I shot heavy metal out of a MOD choke most of the season and had good success.  While I prefer to shoot heavy metal, like vmarsh said anything will get the job done if the ducks cooperate.


----------



## 12mcrebel (Jan 18, 2012)

i shoot a winchester with the factory invector plus chokes, same as browning im pretty sure, and have had good luck with xperts. modified. the high dollar shells may have a couple more clean kills but they are not worth double the price to me


----------



## rockwalker (Jan 18, 2012)

before you send or spend any money on a kicks or any other choke take a look at the Sumtoy line of chokes. Dont get me wrong I have kicks and primos and others I have bought and they have their place. I spent 20 minutes talking with Mr. William at Sumtoy and learned more in that time than I ever would have on my own. For instance black cloud shells have a wad with a larger diameter than most other shot shells out there. Now granted that is needed for it work properly but I was told that due to the bore of my gun not being as large a bore as the big bore 12 gauges then it may create problems and that is why they are known in certain cirlces for burning up barrells. 
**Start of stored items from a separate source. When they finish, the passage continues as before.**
theorem lemma9p2:
  fixes k d r :: nat
    and Qp :: "zvec set"
    and dimf :: "nat \<Rightarrow> zvec \<Rightarrow> zvec \<Rightarrow> nat"
    and actf :: "nat \<Rightarrow> zvec \<Rightarrow> zvec \<Rightarrow> zvec \<Rightarrow> 'k::field mat"
  assumes "affine_semigroup d Qp"
    and "int_span Qp = Zv d"
    and "\<forall>i\<in>{1..r}. constructible_family k d Qp (dimf i) (actf i)"
  shows "piecewise_quasiconstant k {n \<in> Zv k. \<exists>i\<in>{1..r}. \<exists>q\<in>Zv d. dimf i n q \<noteq> 0}
           (\<lambda>n. Max {i\<in>{1..r}. \<exists>q\<in>Zv d. dimf i n q \<noteq> 0})
       \<and> piecewise_quasiconstant k {n \<in> Zv k. \<exists>i\<in>{1..r}. \<exists>q\<in>Zv d. dimf i n q \<noteq> 0}
           (\<lambda>n. Min {i\<in>{1..r}. \<exists>q\<in>Zv d. dimf i n q \<noteq> 0})"
proof -
  let ?support = "\<lambda>i. {n. \<exists>q\<in>Zv d. dimf i n q \<noteq> 0}"
  have "\<forall>i\<in>{1..r}. piecewise_periodic k (?support i)"
    using assms(3) by (blast intro: piecewise_periodic_family_support)
  then have "piecewise_quasiconstant k {n \<in> Zv k. \<exists>i\<in>{1..r}. \<exists>q\<in>Zv d. dimf i n q \<noteq> 0}
      (\<lambda>n. \<Phi> {i\<in>{1..r}. n \<in> ?support i})" for \<Phi> :: "nat set \<Rightarrow> nat"
    by (intro piecewise_quasiconstant_fun_of_indicators finite_atLeastAtMost) auto
  then show ?thesis
    by simp
qed

end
Just some food for thought as you see the info I got in a 20 minute conversation. Look em up and see what you think. I was sold simply on the info he was willing to share.


----------



## Larry Young Jr (Jan 18, 2012)

With your Ic and Mod chokes should work good. Try shooting Blindside #2 1 3/8 3". They pattern awesome out of every gun I have pattern with them. They are deadly on ducks and geese. Out in Arkansas you might want to use your IC choke if you hunt flooded timber and your Mod in rice fields.  You need to pattern your gun using both. Good Luck


----------



## stick_slinger (Jan 19, 2012)

The BlindSides is what i was actually lookiing at first and then seen the Hevi Metals.. Dont know which ones im gonna shoot yet but it will prolly be one of those 2...

@ Rockwaller, yes i have looked at some of there chokes. Have not talked to anybody that works there.. But i am aware of the company.

Thanks
CJ


----------